EU leaders failed to persuade Hungarian Prime Minister Viktor Orban to lift a block on a huge loan to support Ukraine’s war effort during summit talks on Thursday, leaving much-needed funds in limbo.
The nationalist prime minister, Moscow’s closest partner in the EU, has long refused to help Kyiv repel Russian incursions, delaying EU aid and repeatedly imposing sanctions.
This time, Orban put on hold a 90 billion euro ($104 billion) loan as leverage in a dispute over damage to a pipeline through Ukraine that diverts Russian oil to Hungary and Slovakia.
“Hungary’s position is very simple. When we got oil, we were ready to support Ukraine, but Ukraine blocked the oil,” Orban said on arrival at the summit.
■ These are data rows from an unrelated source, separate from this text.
lemma commutes_unary_op_iff:
  assumes p: "is_op k p" and u: "\<forall>a<k. u a < k"
  shows "commutes k p (unary_op k u)
    \<longleftrightarrow> (\<forall>zs. valid_args k (fst p) zs \<longrightarrow> snd p (map u zs) = u (snd p zs))"
proof -
  have unary_apply: "snd (unary_op k u) [a] = u a" if "a < k" for a
    using that unfolding unary_op_def valid_args_def by simp
  have p_less: "snd p zs < k" if "valid_args k (fst p) zs" for zs
    using p that unfolding is_op_def by blast
  show ?thesis
  proof (intro iffI allI impI)
    fix zs assume comm: "commutes k p (unary_op k u)" and zs: "valid_args k (fst p) zs"
    have len: "length zs = fst p" using zs unfolding valid_args_def by simp
    have column: "map (\<lambda>i. snd (unary_op k u) [zs ! i]) [0..<fst p] = map u zs"
      by (rule nth_equalityI) (simp_all add: len unary_apply valid_args_nth_less[OF zs])
    have "map ((!) zs) [0..<fst p] = zs"
      using len map_nth by metis
    then show "snd p (map u zs) = u (snd p zs)"
      using comm[unfolded commutes_def Let_def, rule_format, of "\<lambda>i j. zs ! i"]
        valid_args_nth_less[OF zs]
      by (simp add: column unary_apply p_less[OF zs])
  next
    assume hom: "\<forall>zs. valid_args k (fst p) zs \<longrightarrow> snd p (map u zs) = u (snd p zs)"
    show "commutes k p (unary_op k u)"
      unfolding commutes_def Let_def fst_unary_op
    proof (intro allI impI)
      fix x :: "nat \<Rightarrow> nat \<Rightarrow> nat"
      assume x: "\<forall>i<fst p. \<forall>j<1. x i j < k"
      define zs where "zs = map (\<lambda>i. x i 0) [0..<fst p]"
      have zs_valid: "valid_args k (fst p) zs"
        using x unfolding zs_def valid_args_def by auto
      have column: "map (\<lambda>i. snd (unary_op k u) (map (x i) [0..<1])) [0..<fst p] = map u zs"
        unfolding zs_def using x by (simp add: unary_apply)
      show "snd p (map (\<lambda>i. snd (unary_op k u) (map (x i) [0..<1])) [0..<fst p])
          = snd (unary_op k u) (map (\<lambda>j. snd p (map (\<lambda>i. x i j) [0..<fst p])) [0..<1])"
        using hom[rule_format, OF zs_valid] p_less[OF zs_valid]
        by (simp only: column) (simp add: zs_def unary_apply)
    qed
  qed
qed

definition collapsing_unary_ops :: "nat \<Rightarrow> operation set" where
  "collapsing_unary_ops k = {unary_op k u | u. (\<forall>a<k. u a < k) \<and> u 0 = 0 \<and> u 1 = 0}"

lemma hom_collapsing_imp_projection_or_zero:
  assumes p: "is_op k p" and arity: "fst p + 2 \<le> k"
    and hom: "\<And>u zs. \<forall>a<k. u a < k \<Longrightarrow> u 0 = 0 \<Longrightarrow> u 1 = 0 \<Longrightarrow> valid_args k (fst p) zs
      \<Longrightarrow> snd p (map u zs) = u (snd p zs)"
  shows "p \<in> projections k (fst p) \<union> {const_zero (fst p)}"
proof -
  define n where "n = fst p"
  define x0 where "x0 = map (\<lambda>i. i + 2) [0..<n]"
  define y where "y = snd p x0"
  define spread :: "nat list \<Rightarrow> nat \<Rightarrow> nat"
    where "spread zs j = (if 2 \<le> j \<and> j < n + 2 then zs ! (j - 2) else 0)" for zs j
  have x0_length: "length x0 = n" and x0_nth: "\<And>i. i < n \<Longrightarrow> x0 ! i = i + 2"
    unfolding x0_def by simp_all
  have x0_valid: "valid_args k n x0"
    using arity unfolding x0_def n_def valid_args_def by auto
  have snd_p: "snd p zs = (if valid_args k n zs then spread zs y else 0)" for zs
  proof (cases "valid_args k n zs")
    case True
    have "\<forall>a<k. spread zs a < k"
      using valid_args_nth_less[OF True] by (auto simp: spread_def)
    moreover have "map (spread zs) x0 = zs"
      using True by (intro nth_equalityI) (simp_all add: x0_length x0_nth spread_def valid_args_def)
    ultimately show ?thesis
      using hom[of "spread zs" x0] x0_valid True by (simp add: spread_def n_def y_def)
  next
    case False
    then show ?thesis
      using p unfolding is_op_def n_def by simp
  qed
  show ?thesis
  proof (cases "2 \<le> y \<and> y < n + 2")
    case True
    then have "p = projection k n (y - 2)"
      using snd_p by (auto simp: prod_eq_iff projection_def spread_def n_def)
    moreover have "y - 2 < n"
      using True by arith
    ultimately show ?thesis
      unfolding projections_eq_image n_def by blast
  next
    case False
    then have "p = const_zero n"
      using snd_p by (auto simp: prod_eq_iff const_zero_def spread_def n_def)
    then show ?thesis
      by (simp add: n_def)
  qed
qed

lemma arity_part_centralizer_collapsing_subset:
  assumes "n + 2 \<le> k"
  shows "arity_part (centralizer k (collapsing_unary_ops k)) n
    \<subseteq> projections k n \<union> {const_zero n}"
proof
  fix p assume "p \<in> arity_part (centralizer k (collapsing_unary_ops k)) n"
  then have p: "is_op k p" "fst p = n" and comm: "\<forall>q\<in>collapsing_unary_ops k. commutes k p q"
    unfolding arity_part_def centralizer_def by auto
  have "snd p (map u zs) = u (snd p zs)"
    if u: "\<forall>a<k. u a < k" "u 0 = 0" "u 1 = 0" and zs: "valid_args k (fst p) zs" for u zs
  proof -
    have "unary_op k u \<in> collapsing_unary_ops k"
      using u unfolding collapsing_unary_ops_def by blast
    with comm have "commutes k p (unary_op k u)"
      by blast
    with zs show ?thesis
      unfolding commutes_unary_op_iff[OF p(1) u(1)] by blast
  qed
  then have "p \<in> projections k (fst p) \<union> {const_zero (fst p)}"
    using hom_collapsing_imp_projection_or_zero p(1) p(2) assms by blast
  then show "p \<in> projections k n \<union> {const_zero n}"
    using p(2) by simp
qed

lemma T_op_le_1: "snd (T_op k) xs \<le> 1"
  unfolding T_op_def Let_def by simp

lemma is_op_T_op: "2 \<le> k \<Longrightarrow> is_op k (T_op k)"
  unfolding is_op_def T_op_def Let_def by auto

lemma T_op_nonzero_imp_values:
  assumes "snd (T_op k) xs \<noteq> 0"
  shows "{1..<k} \<subseteq> set xs"
proof
  define N where "N = k - 1"
  have len: "length xs = N * N"
    and pattern: "(\<forall>i<N. \<forall>j<N. xs ! (i * N + j) = i + 1)
      \<or> (\<forall>i<N. \<forall>j<N. xs ! (i * N + j) = j + 1)"
    using assms unfolding T_op_def Let_def valid_args_def N_def by (auto split: if_splits)
  fix v assume "v \<in> {1..<k}"
  then have "v - 1 < N" "v = (v - 1) + 1"
    unfolding N_def by auto
  then obtain i where i: "i < N" "v = i + 1"
    by blast
  then have N_pos: "0 < N"
    by simp
  from pattern show "v \<in> set xs"
  proof
    assume "\<forall>i<N. \<forall>j<N. xs ! (i * N + j) = i + 1"
    then have "xs ! (i * N + 0) = v"
      using i N_pos by blast
    moreover have "i * N + 0 < length xs"
      using i len by simp
    ultimately show ?thesis
      using nth_mem by metis
  next
    assume "\<forall>i<N. \<forall>j<N. xs ! (i * N + j) = j + 1"
    then have "xs ! (0 * N + i) = v"
      using i N_pos by blast
    moreover have "0 * N + i < length xs"
      using i len le_square[of N] by linarith
    ultimately show ?thesis
      using nth_mem by metis
  qed
qed

lemma T_op_replicate:
  assumes "3 \<le> k"
  shows "snd (T_op k) (replicate m a) = 0"
proof (rule ccontr)
  assume "snd (T_op k) (replicate m a) \<noteq> 0"
  then have "{1..<k} \<subseteq> set (replicate m a)"
    by (rule T_op_nonzero_imp_values)
  then have "{1..<k} \<subseteq> {a}"
    by (auto simp: set_replicate_conv_if split: if_splits)
  moreover have "{1, 2} \<subseteq> {1..<k}"
    using assms by auto
  ultimately have "{1, 2} \<subseteq> {a}"
    by blast
  then show False by auto
qed

lemma T_op_map_collapsing:
  assumes "2 \<le> k" and u: "\<forall>a<k. u a < k" "u 0 = 0" "u 1 = 0" and xs: "set xs \<subseteq> {..<k}"
  shows "snd (T_op k) (map u xs) = 0"
proof (rule ccontr)
  assume "snd (T_op k) (map u xs) \<noteq> 0"
  then have "{1..<k} \<subseteq> u ` set xs"
    using T_op_nonzero_imp_values by fastforce
  also have "\<dots> \<subseteq> u ` {..<k}"
    using xs by (rule image_mono)
  finally have "insert 0 {1..<k} \<subseteq> u ` {..<k}"
    using assms by force
  moreover have "{..<k} = insert 0 {1..<k}"
    using assms by auto
  ultimately have "inj_on u {..<k}"
    by (metis finite_lessThan finite_surj_inj)
  then show False
    using inj_onD[of u "{..<k}" 0 1] assms by simp
qed

lemma centralizer_T_op_fixes_zero:
  assumes "3 \<le> k" and "q \<in> centralizer k {T_op k}"
  shows "is_op k q \<and> snd q (replicate (fst q) 0) = 0"
  using assms commutes_imp_fixes_zero[of k q "T_op k"] T_op_replicate
  unfolding centralizer_def by auto

lemma collapsing_unary_ops_subset_centralizer_T_op:
  assumes "2 \<le> k"
  shows "collapsing_unary_ops k \<subseteq> arity_part (centralizer k {T_op k}) 1"
proof
  fix p assume "p \<in> collapsing_unary_ops k"
  then obtain u where p: "p = unary_op k u" and u: "\<forall>a<k. u a < k" "u 0 = 0" "u 1 = 0"
    unfolding collapsing_unary_ops_def by blast
  have "u (snd (T_op k) zs) = 0" for zs
    using T_op_le_1[of k zs] u by (cases "snd (T_op k) zs") auto
  then have "commutes k (T_op k) (unary_op k u)"
    using T_op_map_collapsing[OF assms u]
    by (simp add: commutes_unary_op_iff[OF is_op_T_op[OF assms] u(1)] valid_args_def)
  then show "p \<in> arity_part (centralizer k {T_op k}) 1"
    using is_op_unary_op[OF u(1)]
    by (simp add: p commutes_sym arity_part_def centralizer_def)
qed

theorem lemma3p6:
  fixes k n :: nat
  assumes "k \<ge> 3" and "1 \<le> n" and "n < k - 1"
  shows "arity_part (centralizer k (centralizer k {T_op k})) n
           = projections k n \<union> {const_zero n}
       \<and> arity_part (centralizer k (arity_part (centralizer k {T_op k}) 1)) n
           = projections k n \<union> {const_zero n}"
proof -
  let ?C = "centralizer k {T_op k}"
  have lower: "projections k n \<union> {const_zero n} \<subseteq> arity_part (centralizer k ?C) n"
    using assms centralizer_T_op_fixes_zero
    by (intro projections_const_zero_subset_centralizer) auto
  have middle: "arity_part (centralizer k ?C) n \<subseteq> arity_part (centralizer k (arity_part ?C 1)) n"
    by (rule arity_part_mono[OF centralizer_antimono[OF arity_part_subset]])
  have "arity_part (centralizer k (arity_part ?C 1)) n
      \<subseteq> arity_part (centralizer k (collapsing_unary_ops k)) n"
    using assms
    by (intro arity_part_mono centralizer_antimono collapsing_unary_ops_subset_centralizer_T_op) simp
  also have "\<dots> \<subseteq> projections k n \<union> {const_zero n}"
    using assms by (intro arity_part_centralizer_collapsing_subset) simp
  finally have upper:
    "arity_part (centralizer k (arity_part ?C 1)) n \<subseteq> projections k n \<union> {const_zero n}" .
  show ?thesis
    using order.trans[OF lower middle] order.trans[OF middle upper] lower upper
    by (simp add: set_eq_subset)
qed

end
Ukrainian President Volodymyr Zelensky spoke at the summit via video link.
Orban has made clear he plans to take a tough stance as he has angered other EU leaders by leaning into anti-EU and anti-Ukrainian rhetoric ahead of bitter national elections on April 12.
Despite concerted pressure from his Brussels counterparts, he refused to back down.
“Orban has done nothing,” one EU diplomat concluded after the Ukraine talks. “We all know it’s about the elections – we have to get creative.”
Top EU diplomat Kaya Karas earlier warned that now was “really the time” to show support for Ukraine by releasing funds for this year and next – a deal signed by the Hungarian leader along with the rest of the EU in December.
But only 25 of the EU’s 27 leaders endorsed Thursday’s summit conclusions and reiterated their intention to start disbursing funds next month, with diplomats confirming resistance from Budapest and Bratislava.
Leaders agreed to revisit the issue at their next meeting, planned for late April, which requires unanimous consent.
– Election “weapons” –
The impasse stems from a weeks-long dispute in which landlocked countries Hungary and Slovakia accuse Ukraine of delaying pipeline repairs, while Zelensky calls Ukraine’s linking the issue to support for Kiev’s war effort “blackmail.”
The European Commission moved this week to defuse the situation by sending a team to help restore oil shipments, but Orban dismissed the plan as a “fairy tale.”
“We are waiting for oil,” Orban told reporters, calling the matter an “existential matter” for Hungary.
Many of his peers believe the block is motivated entirely by national politics.
“He used Ukraine as a weapon in his campaign, and that’s not good. We have a deal,” Finnish Prime Minister Petri Orpo told reporters in Brussels.
Belgium’s Bart de Wever similarly said Orban’s veto appeared to be “part of his campaign” and called his about-face “unacceptable”.
– insufficient –
As has become common practice in Brussels, Orban put numerous decisions on hold on Ukraine before finally finding a solution – in one famous case, leaving the room at the same time as the EU approved the start of membership talks with Kyiv.
But this time, it’s unclear when he will blink.
“He sounded like he wasn’t ready to be convinced,” another EU diplomat said after the talks.
Complicating matters further, leaders have been wary of offering opportunities to Orban, who trails arch-rival Peter Magyar in election polls, and are seeking to burnish his maverick image on the EU stage by publicly uniting against him.
Kiev faces a budget shortfall four years into the war and is expected to need an influx of funds in early May, meaning it has decided to unlock EU loans by mid-April.
Whatever the outcome, if the deadlock fails to be broken, the issue may be postponed until after the Hungarian vote.
Can Ukraine hold on until then? EU diplomats said it was unclear.